__TASK INSTRUCTIONS__:
In the records below, find each line that holds "assumes" and return it.

### GIVEN RECORDS ###

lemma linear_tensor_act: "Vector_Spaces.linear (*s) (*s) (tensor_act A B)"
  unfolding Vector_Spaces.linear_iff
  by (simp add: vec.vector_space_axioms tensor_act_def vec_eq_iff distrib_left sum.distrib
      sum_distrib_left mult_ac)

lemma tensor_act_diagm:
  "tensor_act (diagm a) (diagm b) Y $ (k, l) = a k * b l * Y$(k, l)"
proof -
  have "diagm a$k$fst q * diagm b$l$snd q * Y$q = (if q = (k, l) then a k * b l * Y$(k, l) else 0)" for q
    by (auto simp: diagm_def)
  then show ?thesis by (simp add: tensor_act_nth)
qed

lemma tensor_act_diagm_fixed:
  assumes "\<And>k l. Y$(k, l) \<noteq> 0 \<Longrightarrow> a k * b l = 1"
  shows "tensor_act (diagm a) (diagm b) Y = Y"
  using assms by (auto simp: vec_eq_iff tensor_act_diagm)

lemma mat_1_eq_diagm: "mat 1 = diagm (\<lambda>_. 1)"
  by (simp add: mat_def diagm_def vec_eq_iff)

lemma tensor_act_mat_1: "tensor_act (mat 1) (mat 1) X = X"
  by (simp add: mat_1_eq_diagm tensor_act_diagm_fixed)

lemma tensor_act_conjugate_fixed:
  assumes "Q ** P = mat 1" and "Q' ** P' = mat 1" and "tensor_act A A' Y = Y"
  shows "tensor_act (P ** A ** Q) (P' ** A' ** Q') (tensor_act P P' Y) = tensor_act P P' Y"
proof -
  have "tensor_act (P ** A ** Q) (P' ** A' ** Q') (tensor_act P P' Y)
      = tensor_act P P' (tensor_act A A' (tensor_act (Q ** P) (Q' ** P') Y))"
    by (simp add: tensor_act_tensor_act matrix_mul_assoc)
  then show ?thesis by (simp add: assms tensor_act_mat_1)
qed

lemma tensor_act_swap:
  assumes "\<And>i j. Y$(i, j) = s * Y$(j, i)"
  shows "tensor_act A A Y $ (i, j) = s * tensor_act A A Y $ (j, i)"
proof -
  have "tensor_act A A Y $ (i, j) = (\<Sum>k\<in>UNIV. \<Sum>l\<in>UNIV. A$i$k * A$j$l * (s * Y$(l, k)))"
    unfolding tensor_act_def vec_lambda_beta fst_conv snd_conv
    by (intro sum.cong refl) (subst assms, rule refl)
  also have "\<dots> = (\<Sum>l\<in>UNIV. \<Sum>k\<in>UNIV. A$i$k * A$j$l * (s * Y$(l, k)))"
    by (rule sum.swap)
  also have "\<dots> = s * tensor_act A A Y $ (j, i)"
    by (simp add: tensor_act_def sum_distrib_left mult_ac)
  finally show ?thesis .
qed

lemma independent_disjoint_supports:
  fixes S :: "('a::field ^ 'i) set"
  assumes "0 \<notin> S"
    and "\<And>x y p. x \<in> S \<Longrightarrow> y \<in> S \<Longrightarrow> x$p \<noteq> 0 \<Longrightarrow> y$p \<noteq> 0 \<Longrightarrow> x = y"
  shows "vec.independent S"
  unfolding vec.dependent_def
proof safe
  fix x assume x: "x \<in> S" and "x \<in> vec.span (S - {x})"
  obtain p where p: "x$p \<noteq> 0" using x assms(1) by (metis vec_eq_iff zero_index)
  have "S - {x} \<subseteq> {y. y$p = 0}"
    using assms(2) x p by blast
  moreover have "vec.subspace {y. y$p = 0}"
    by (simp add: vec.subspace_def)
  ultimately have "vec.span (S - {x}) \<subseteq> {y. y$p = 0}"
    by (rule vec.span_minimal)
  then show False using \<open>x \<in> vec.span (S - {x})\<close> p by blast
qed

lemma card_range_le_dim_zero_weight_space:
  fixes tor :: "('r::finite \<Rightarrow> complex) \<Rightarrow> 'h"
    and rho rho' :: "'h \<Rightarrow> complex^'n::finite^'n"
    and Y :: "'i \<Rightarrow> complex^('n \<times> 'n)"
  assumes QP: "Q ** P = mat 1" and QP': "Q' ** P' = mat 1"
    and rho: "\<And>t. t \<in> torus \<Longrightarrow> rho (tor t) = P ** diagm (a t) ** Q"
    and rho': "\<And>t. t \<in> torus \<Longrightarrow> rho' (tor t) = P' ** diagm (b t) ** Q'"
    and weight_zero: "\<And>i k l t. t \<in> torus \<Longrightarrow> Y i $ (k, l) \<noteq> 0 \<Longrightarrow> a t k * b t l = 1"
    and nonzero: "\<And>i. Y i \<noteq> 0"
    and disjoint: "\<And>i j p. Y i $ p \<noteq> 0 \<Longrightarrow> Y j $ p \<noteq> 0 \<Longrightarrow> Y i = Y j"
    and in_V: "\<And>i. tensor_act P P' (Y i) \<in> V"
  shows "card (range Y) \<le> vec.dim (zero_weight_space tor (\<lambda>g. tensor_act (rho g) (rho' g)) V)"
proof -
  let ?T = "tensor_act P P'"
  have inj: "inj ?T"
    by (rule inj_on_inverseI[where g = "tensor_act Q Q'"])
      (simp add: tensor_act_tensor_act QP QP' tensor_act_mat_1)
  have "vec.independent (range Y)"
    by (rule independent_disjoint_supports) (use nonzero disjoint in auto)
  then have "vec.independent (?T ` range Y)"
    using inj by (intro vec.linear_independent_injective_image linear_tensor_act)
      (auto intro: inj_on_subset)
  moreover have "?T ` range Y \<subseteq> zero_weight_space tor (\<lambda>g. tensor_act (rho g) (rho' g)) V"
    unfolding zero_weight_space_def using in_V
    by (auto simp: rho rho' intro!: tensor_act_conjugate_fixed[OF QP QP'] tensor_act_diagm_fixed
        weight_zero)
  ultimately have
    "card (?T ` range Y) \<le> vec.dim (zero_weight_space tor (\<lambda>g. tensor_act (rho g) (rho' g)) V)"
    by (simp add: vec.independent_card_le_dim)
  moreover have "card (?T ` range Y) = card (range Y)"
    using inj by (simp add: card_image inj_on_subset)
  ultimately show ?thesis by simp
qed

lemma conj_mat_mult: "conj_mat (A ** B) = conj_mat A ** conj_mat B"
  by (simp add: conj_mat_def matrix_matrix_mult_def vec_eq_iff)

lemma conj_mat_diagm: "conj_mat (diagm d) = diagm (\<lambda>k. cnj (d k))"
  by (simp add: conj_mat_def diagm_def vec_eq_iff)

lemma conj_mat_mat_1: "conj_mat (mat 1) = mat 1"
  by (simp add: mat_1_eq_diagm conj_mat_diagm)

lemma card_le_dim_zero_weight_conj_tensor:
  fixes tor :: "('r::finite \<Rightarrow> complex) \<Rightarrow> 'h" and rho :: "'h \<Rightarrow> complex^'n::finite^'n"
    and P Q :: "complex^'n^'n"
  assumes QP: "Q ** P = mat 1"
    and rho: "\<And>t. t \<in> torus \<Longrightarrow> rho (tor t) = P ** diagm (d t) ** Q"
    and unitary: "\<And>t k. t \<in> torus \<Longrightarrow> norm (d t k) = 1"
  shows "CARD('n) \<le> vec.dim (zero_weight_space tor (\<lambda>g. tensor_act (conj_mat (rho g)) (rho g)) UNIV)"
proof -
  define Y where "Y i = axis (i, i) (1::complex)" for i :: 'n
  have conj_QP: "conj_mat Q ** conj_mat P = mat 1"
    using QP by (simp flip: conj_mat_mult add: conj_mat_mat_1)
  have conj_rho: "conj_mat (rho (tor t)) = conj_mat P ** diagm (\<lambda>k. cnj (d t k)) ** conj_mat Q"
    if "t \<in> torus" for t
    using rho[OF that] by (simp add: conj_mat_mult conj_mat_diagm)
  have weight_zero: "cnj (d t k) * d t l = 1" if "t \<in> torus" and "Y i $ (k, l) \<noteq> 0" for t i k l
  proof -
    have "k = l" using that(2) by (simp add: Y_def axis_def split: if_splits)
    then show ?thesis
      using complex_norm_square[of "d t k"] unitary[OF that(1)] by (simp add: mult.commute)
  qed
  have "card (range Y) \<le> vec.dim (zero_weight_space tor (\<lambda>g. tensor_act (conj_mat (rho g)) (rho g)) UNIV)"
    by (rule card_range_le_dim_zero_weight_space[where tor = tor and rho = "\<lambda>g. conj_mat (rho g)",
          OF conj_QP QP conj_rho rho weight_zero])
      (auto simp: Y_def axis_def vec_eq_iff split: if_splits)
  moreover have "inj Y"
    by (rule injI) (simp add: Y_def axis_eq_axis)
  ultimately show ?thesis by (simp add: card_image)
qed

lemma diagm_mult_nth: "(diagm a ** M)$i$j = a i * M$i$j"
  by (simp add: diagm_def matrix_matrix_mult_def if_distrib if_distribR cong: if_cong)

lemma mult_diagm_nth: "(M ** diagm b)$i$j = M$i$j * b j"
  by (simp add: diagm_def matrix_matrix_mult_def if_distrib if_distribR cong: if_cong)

###

__THE COMPLETED TASK__:
  assumes "\<And>k l. Y$(k, l) \<noteq> 0 \<Longrightarrow> a k * b l = 1"
  assumes "Q ** P = mat 1" and "Q' ** P' = mat 1" and "tensor_act A A' Y = Y"
  assumes "\<And>i j. Y$(i, j) = s * Y$(j, i)"
  assumes "0 \<notin> S"
  assumes QP: "Q ** P = mat 1" and QP': "Q' ** P' = mat 1"
  assumes QP: "Q ** P = mat 1"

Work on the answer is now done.